Marina arrives in a courthouse van an hour later. Three more cruisers have shown up as well. George calls Marina’s cell to invite her into the house rather than appear outside and reward the camera crews for lying in wait.
“Shit,” she says succinctly when he shows her the text message. “We gotta give this phone to the Bureau. See if they can set up some kind of trap. I can’t believe he had the balls to do this again.”
#1 clearly knows what Marina explained the other day about the difficulty of tracing text messages. And therefore did not care who had the cell phone now, law enforcement or George. He’d get the message either way.
“Maybe you should think about staying here, Judge.”
“Good luck talking sense to him,” Patrice says.
But
George knows he’s being prudent. Today every local security resource will be dedicated to his protection. He’ll be safer than the President. And it would send the wrong message to stay home and cower. He took this job recognizing that the responsibilities are often symbolic.
Patrice continues peeking through the curtains to inspect the growing crowd on the parkway. There are at least a dozen journalists now, as well as eight cops and, naturally, quite a few of their neighbors. Patrice is having fits about the fate of everything she labored to plant this spring, an act of love and dedication that required energy she didn’t really have so soon after surgery.

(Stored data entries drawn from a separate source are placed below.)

definition tens_e :: "'a kop \<Rightarrow> 'a kop \<Rightarrow> 'b kop \<Rightarrow> 'b kop \<Rightarrow> ('a \<times> 'b) kop" where
  "tens_e e1 f1 e2 f2 i p = (case p of (b1, b2) \<Rightarrow>
     if times_applicable f1 i b1 \<ge> times_applicable e2 i b2
     then map_option (\<lambda>c. (c, b2)) (e1 i b1)
     else map_option (\<lambda>c. (b1, c)) (e2 i b2))"

text \<open>Iterated tensor power: a word x_1 ... x_k (list) is (x_1 ... x_{k-1}) \<otimes> x_k.
  word_ops e f k gives (e, f) on words of length k; level 0 is the trivial crystal.\<close>
fun word_ops :: "nat kop \<Rightarrow> nat kop \<Rightarrow> nat \<Rightarrow> nat list kop \<times> nat list kop" where
  "word_ops e f 0 = (\<lambda>i w. None, \<lambda>i w. None)"
| "word_ops e f (Suc k) =
     (let E = fst (word_ops e f k); F = snd (word_ops e f k);
          join = (\<lambda>(u, x). u @ [x]) in
      (\<lambda>i w. map_option join (tens_e E F e f i (butlast w, last w)),
       \<lambda>i w. map_option join (tens_f E F e f i (butlast w, last w))))"

definition fA :: "nat \<Rightarrow> nat kop" where
  "fA n i a = (if 1 \<le> i \<and> i < 2 * n \<and> a = i then Some (i + 1) else None)"
definition eA :: "nat \<Rightarrow> nat kop" where
  "eA n i a = (if 1 \<le> i \<and> i < 2 * n \<and> a = i + 1 then Some i else None)"

definition fC :: "nat \<Rightarrow> nat kop" where
  "fC n i a = (if 1 \<le> i \<and> i < n \<and> a = unb i then Some (unb (i + 1))
              else if 1 \<le> i \<and> i < n \<and> a = bar n (i + 1) then Some (bar n i)
              else if i = n \<and> a = unb n then Some (bar n n)
              else None)"
definition eC :: "nat \<Rightarrow> nat kop" where
  "eC n i a = (if 1 \<le> i \<and> i < n \<and> a = unb (i + 1) then Some (unb i)
              else if 1 \<le> i \<and> i < n \<and> a = bar n i then Some (bar n (i + 1))
              else if i = n \<and> a = bar n n then Some (unb n)
              else None)"

definition eAw :: "nat \<Rightarrow> nat list kop" where "eAw n = fst (word_ops (eA n) (fA n) n)"
definition fAw :: "nat \<Rightarrow> nat list kop" where "fAw n = snd (word_ops (eA n) (fA n) n)"
definition eCw :: "nat \<Rightarrow> nat list kop" where "eCw n = fst (word_ops (eC n) (fC n) n)"
definition fCw :: "nat \<Rightarrow> nat list kop" where "fCw n = snd (word_ops (eC n) (fC n) n)"

definition words :: "nat \<Rightarrow> nat list set" where
  "words n = {w. length w = n \<and> set w \<subseteq> alphabet n}"

definition Xi :: "nat list \<Rightarrow> nat list" where
  "Xi w = map (\<lambda>i. if w ! i < w ! (i + 1) then 0 else 1) [0 ..< length w - 1]"

definition BXi :: "nat \<Rightarrow> nat list \<Rightarrow> nat list set" where
  "BXi n \<Xi> = {b \<in> words n. Xi b = \<Xi>}"

definition crystal_edges :: "nat list set \<Rightarrow> nat set \<Rightarrow> nat list kop \<Rightarrow> nat list kop \<Rightarrow> (nat list \<times> nat list) set" where
  "crystal_edges V I E F = {(b, b'). b \<in> V \<and> b' \<in> V \<and> (\<exists>i\<in>I. E i b = Some b' \<or> F i b = Some b')}"

end

theory Submission
  imports Defs
begin

text \<open>With letters encoded by their positions, every \<open>i\<close>-string of \<open>B\<^sup>A(1)\<close> and of
  \<open>B\<^sup>C(1)\<close> is a single step \<open>a \<rightarrow> a + 1\<close>. Hence \<open>f\<^sub>i\<close> acts on a word by replacing one
  letter \<open>x\<close> with \<open>x + 1\<close>, and this changes the descent vector only if the preceding letter
  is \<open>x\<close> or the following letter is \<open>x + 1\<close>. The tensor product rule excludes both:
  \<open>f\<^sub>i\<close> reaches \<open>x\<close> only if \<open>\<phi>\<^sub>i\<close> vanishes on the prefix before \<open>x\<close>, hence on its last
  letter, which therefore is not \<open>x\<close>; and then \<open>\<phi>\<^sub>i\<close> of the prefix ending in \<open>x\<close> is \<open>1\<close>, so
  \<open>f\<^sub>i\<close> stays on \<open>x\<close> past the next letter only if \<open>\<epsilon>\<^sub>i\<close> of that letter is \<open>0\<close>, whereas
  \<open>\<epsilon>\<^sub>i(x + 1) = 1\<close>. Since \<open>e\<^sub>i\<close> and \<open>f\<^sub>i\<close> are mutually inverse, the claim for \<open>e\<^sub>i\<close> follows.\<close>

definition seminormal ::
    "'b set \<Rightarrow> 'b kop \<Rightarrow> 'b kop \<Rightarrow> (nat \<Rightarrow> 'b \<Rightarrow> nat) \<Rightarrow> (nat \<Rightarrow> 'b \<Rightarrow> nat) \<Rightarrow> bool" where
  "seminormal V E F \<phi> \<epsilon> \<longleftrightarrow> (\<forall>i. \<forall>b\<in>V.
     (F i b = None \<longleftrightarrow> \<phi> i b = 0) \<and> (E i b = None \<longleftrightarrow> \<epsilon> i b = 0) \<and>
     (\<forall>c. F i b = Some c \<longrightarrow> c \<in> V \<and> E i c = Some b \<and> \<phi> i c = \<phi> i b - 1) \<and>
     (\<forall>c. E i b = Some c \<longrightarrow> c \<in> V \<and> F i c = Some b \<and> \<epsilon> i c = \<epsilon> i b - 1))"

lemma seminormalI:
  assumes "\<And>i b. b \<in> V \<Longrightarrow> F i b = None \<longleftrightarrow> \<phi> i b = 0"
    and "\<And>i b. b \<in> V \<Longrightarrow> E i b = None \<longleftrightarrow> \<epsilon> i b = 0"
    and "\<And>i b c. b \<in> V \<Longrightarrow> F i b = Some c \<Longrightarrow> c \<in> V \<and> E i c = Some b \<and> \<phi> i c = \<phi> i b - 1"
    and "\<And>i b c. b \<in> V \<Longrightarrow> E i b = Some c \<Longrightarrow> c \<in> V \<and> F i c = Some b \<and> \<epsilon> i c = \<epsilon> i b - 1"
  shows "seminormal V E F \<phi> \<epsilon>"
  using assms unfolding seminormal_def by blast

lemma seminormal_f_None_iff:
  "seminormal V E F \<phi> \<epsilon> \<Longrightarrow> b \<in> V \<Longrightarrow> F i b = None \<longleftrightarrow> \<phi> i b = 0"
  unfolding seminormal_def by blast

lemma seminormal_e_None_iff:
  "seminormal V E F \<phi> \<epsilon> \<Longrightarrow> b \<in> V \<Longrightarrow> E i b = None \<longleftrightarrow> \<epsilon> i b = 0"
  unfolding seminormal_def by blast

lemma seminormal_f_SomeD:
  "seminormal V E F \<phi> \<epsilon> \<Longrightarrow> b \<in> V \<Longrightarrow> F i b = Some c \<Longrightarrow>
     c \<in> V \<and> E i c = Some b \<and> \<phi> i c = \<phi> i b - 1"
  unfolding seminormal_def by blast

lemma seminormal_e_SomeD:
  "seminormal V E F \<phi> \<epsilon> \<Longrightarrow> b \<in> V \<Longrightarrow> E i b = Some c \<Longrightarrow>
     c \<in> V \<and> F i c = Some b \<and> \<epsilon> i c = \<epsilon> i b - 1"
  unfolding seminormal_def by blast

lemma funpow_bind_None:
  fixes g :: "'a \<Rightarrow> 'a option"
  shows "((\<lambda>ob. Option.bind ob g) ^^ m) None = None"
  by (induction m) simp_all

lemma funpow_bind_Some_iff:
  fixes g :: "'a \<Rightarrow> 'a option"
  assumes "\<forall>b\<in>V. (g b = None \<longleftrightarrow> h b = 0) \<and> (\<forall>c. g b = Some c \<longrightarrow> c \<in> V \<and> h c = h b - 1)"
    and "b \<in> V"
  shows "((\<lambda>ob. Option.bind ob g) ^^ m) (Some b) \<noteq> None \<longleftrightarrow> m \<le> h b"
  using assms(2)
proof (induction m arbitrary: b)
  case 0
  then show ?case by simp
next
  case (Suc m)
  have unfold: "((\<lambda>ob. Option.bind ob g) ^^ Suc m) (Some b) = ((\<lambda>ob. Option.bind ob g) ^^ m) (g b)"
    by (simp add: funpow_Suc_right del: funpow.simps)
  show ?case
  proof (cases "g b")
    case None
    then have "h b = 0" using assms(1) Suc.prems by blast
    with None show ?thesis unfolding unfold by (simp add: funpow_bind_None)
  next
    case (Some c)
    then have "c \<in> V" "h c = h b - 1" "h b \<noteq> 0" using assms(1) Suc.prems by auto
    then show ?thesis using Suc.IH[of c] Some unfolding unfold by auto
  qed
qed

lemma times_applicable_eqI:
  assumes "\<forall>b\<in>V. (G i b = None \<longleftrightarrow> h b = 0) \<and> (\<forall>c. G i b = Some c \<longrightarrow> c \<in> V \<and> h c = h b - 1)"
    and "b \<in> V"
  shows "times_applicable G i b = h b"
  unfolding times_applicable_def
proof (rule Greatest_equality)
  show "((\<lambda>ob. Option.bind ob (G i)) ^^ h b) (Some b) \<noteq> None"
    using funpow_bind_Some_iff[OF assms, of "h b"] by simp
next
  fix m assume "((\<lambda>ob. Option.bind ob (G i)) ^^ m) (Some b) \<noteq> None"
  then show "m \<le> h b" using funpow_bind_Some_iff[OF assms, of m] by simp
qed

lemma seminormal_times_applicable_f:
  "seminormal V E F \<phi> \<epsilon> \<Longrightarrow> b \<in> V \<Longrightarrow> times_applicable F i b = \<phi> i b"
  unfolding seminormal_def by (rule times_applicable_eqI[where V = V]) blast+

lemma seminormal_times_applicable_e:
  "seminormal V E F \<phi> \<epsilon> \<Longrightarrow> b \<in> V \<Longrightarrow> times_applicable E i b = \<epsilon> i b"
  unfolding seminormal_def by (rule times_applicable_eqI[where V = V]) blast+

lemma seminormal_transport:
  assumes C: "seminormal V E F \<phi> \<epsilon>"
    and g: "\<forall>v\<in>V. g v \<in> W \<and> h (g v) = v" and h: "\<forall>w\<in>W. h w \<in> V \<and> g (h w) = w"
  shows "seminormal W (\<lambda>i w. map_option g (E i (h w))) (\<lambda>i w. map_option g (F i (h w)))
           (\<lambda>i w. \<phi> i (h w)) (\<lambda>i w. \<epsilon> i (h w))"
proof (rule seminormalI)
  fix i w c assume "w \<in> W"
  with h have hw: "h w \<in> V" "g (h w) = w" by auto
  show "map_option g (F i (h w)) = None \<longleftrightarrow> \<phi> i (h w) = 0"
    using seminormal_f_None_iff[OF C hw(1)] by simp
  show "map_option g (E i (h w)) = None \<longleftrightarrow> \<epsilon> i (h w) = 0"
    using seminormal_e_None_iff[OF C hw(1)] by simp
  show "c \<in> W \<and> map_option g (E i (h c)) = Some w \<and> \<phi> i (h c) = \<phi> i (h w) - 1"
    if "map_option g (F i (h w)) = Some c"
    using that seminormal_f_SomeD[OF C hw(1)] g hw by auto
  show "c \<in> W \<and> map_option g (F i (h c)) = Some w \<and> \<epsilon> i (h c) = \<epsilon> i (h w) - 1"
    if "map_option g (E i (h w)) = Some c"
    using that seminormal_e_SomeD[OF C hw(1)] g hw by auto
qed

At 8:30, George opens his front door, feeling for all the world like he is entering a stage set. His arm remains too sore for any thought of abandoning the sling, and so his coat is draped across his right shoulder in the fashion of somebody who got winged in a western. Eyes forward, he endeavors to appear pleasant but businesslike and speaks not a word as the camerafolk and reporters dash beside him along his front walk.
Looking more officious than a general, Marina marches a step ahead of him while Abel alights to sweep open the van door. On George’s behalf, Marina recites a one-line statement George and she composed inside—‘The judge is feeling well and looks forward to conducting the business of the court’—while the cameramen jostle one another for the chance to poke their huge black lenses through the open window on the driver’s side of the van. Screwing up his courage, George glances back to the line of little white sweet alyssum that have been trampled along the edging of the walk.
The vehicles take off in a convoy, one cruiser in front of Marina’s van and another behind, while the TV trucks zoom up and drop back for camera angles. He considers how this is going to play on the news and laughs.